> Task goal
Which lines in the listing below contain "exists"? Copy each of them.

_____

lemma commuting_letter_crosses_d:
  assumes s: "s \<in> K" and eq: "(s # w) @ d \<approx> d @ u"
  shows "w @ d \<approx> d @ (s # u)"
proof -
  have "s \<in> S"
    using s K_subset_I I_subset by auto
  then have "w @ d \<approx> [s, s] @ w @ d"
    using cox_eq.sym[OF cox_eq_cancel_square[of s "[]" "w @ d"]] by simp
  also have "\<dots> \<approx> [s] @ (d @ u) @ []"
    using cox_eq_context[OF eq, of "[s]" "[]"] by simp
  also have "\<dots> \<approx> d @ (s # u)"
    using cox_eq_append[OF cox_eq_commute_lists[of "[s]" d] cox_eq.refl, of u] K_commutes_d s
    by simp
  finally show ?thesis .
qed

lemma parabolic_conj_descent:
  "w \<in> lists I \<Longrightarrow> u \<in> lists J \<Longrightarrow> w @ d \<approx> d @ u \<Longrightarrow> \<exists>w'\<in>lists K. w \<approx> w'"
proof (induction "length w" arbitrary: w u rule: less_induct)
  case less
  show ?case
  proof (cases "\<exists>v\<in>lists I. length v < length w \<and> w \<approx> v")
    case True
    then obtain v where v: "v \<in> lists I" "length v < length w" "w \<approx> v"
      by blast
    have "v @ d \<approx> d @ u"
      using cox_eq_append[OF cox_eq.sym[OF v(3)] cox_eq.refl] less.prems(3)
      by (rule cox_eq.trans)
    with less.hyps[OF v(2) v(1) less.prems(2)] v(3) show ?thesis
      by (blast intro: cox_eq.trans)
  next
    case irreducible: False
    show ?thesis
    proof (cases w)
      case Nil
      then show ?thesis
        by (auto intro: cox_eq.refl)
    next
      case (Cons s w1)
      have s: "s \<in> I" and w1: "w1 \<in> lists I"
        using less.prems(1) Cons by auto
      have "odd_crossing w [s]"
        unfolding Cons
      proof (rule odd_crossing_first_letter)
        show "s # w1 \<in> lists S"
          using less.prems(1) Cons I_subset by auto
        show "\<not> s # w1 \<approx> v" if "v \<in> lists (set (s # w1))" "length v \<le> length w1" for v
        proof -
          have "v \<in> lists I"
            using that(1) s w1 by (auto simp: in_lists_conv_set)
          with irreducible that(2) Cons show ?thesis
            by auto
        qed
      qed
      show ?thesis
      proof (cases "s \<in> K")
        case True
        have "w1 @ d \<approx> d @ (s # u)"
          using commuting_letter_crosses_d[OF True] less.prems(3) Cons by simp
        then obtain w1' where "w1' \<in> lists K" "w1 \<approx> w1'"
          using less.hyps[of w1 "s # u"] w1 less.prems(2) True K_subset_J Cons by auto
        then have "s # w1' \<in> lists K" "w \<approx> s # w1'"
          using True Cons cox_eq_context[of w1 w1' "[s]" "[]"] by auto
        then show ?thesis
          by blast
      next
        case False
        obtain v where "v \<in> lists J" "rev d @ [s] @ d \<approx> v"
          using crossed_reflection_conj_in_J[OF less.prems s \<open>odd_crossing w [s]\<close>] .
        with conj_d_notin_J[OF s False] show ?thesis
          by blast
      qed
    qed
  qed
qed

_____

> Output for this exercise
  "w \<in> lists I \<Longrightarrow> u \<in> lists J \<Longrightarrow> w @ d \<approx> d @ u \<Longrightarrow> \<exists>w'\<in>lists K. w \<approx> w'"
  proof (cases "\<exists>v\<in>lists I. length v < length w \<and> w \<approx> v")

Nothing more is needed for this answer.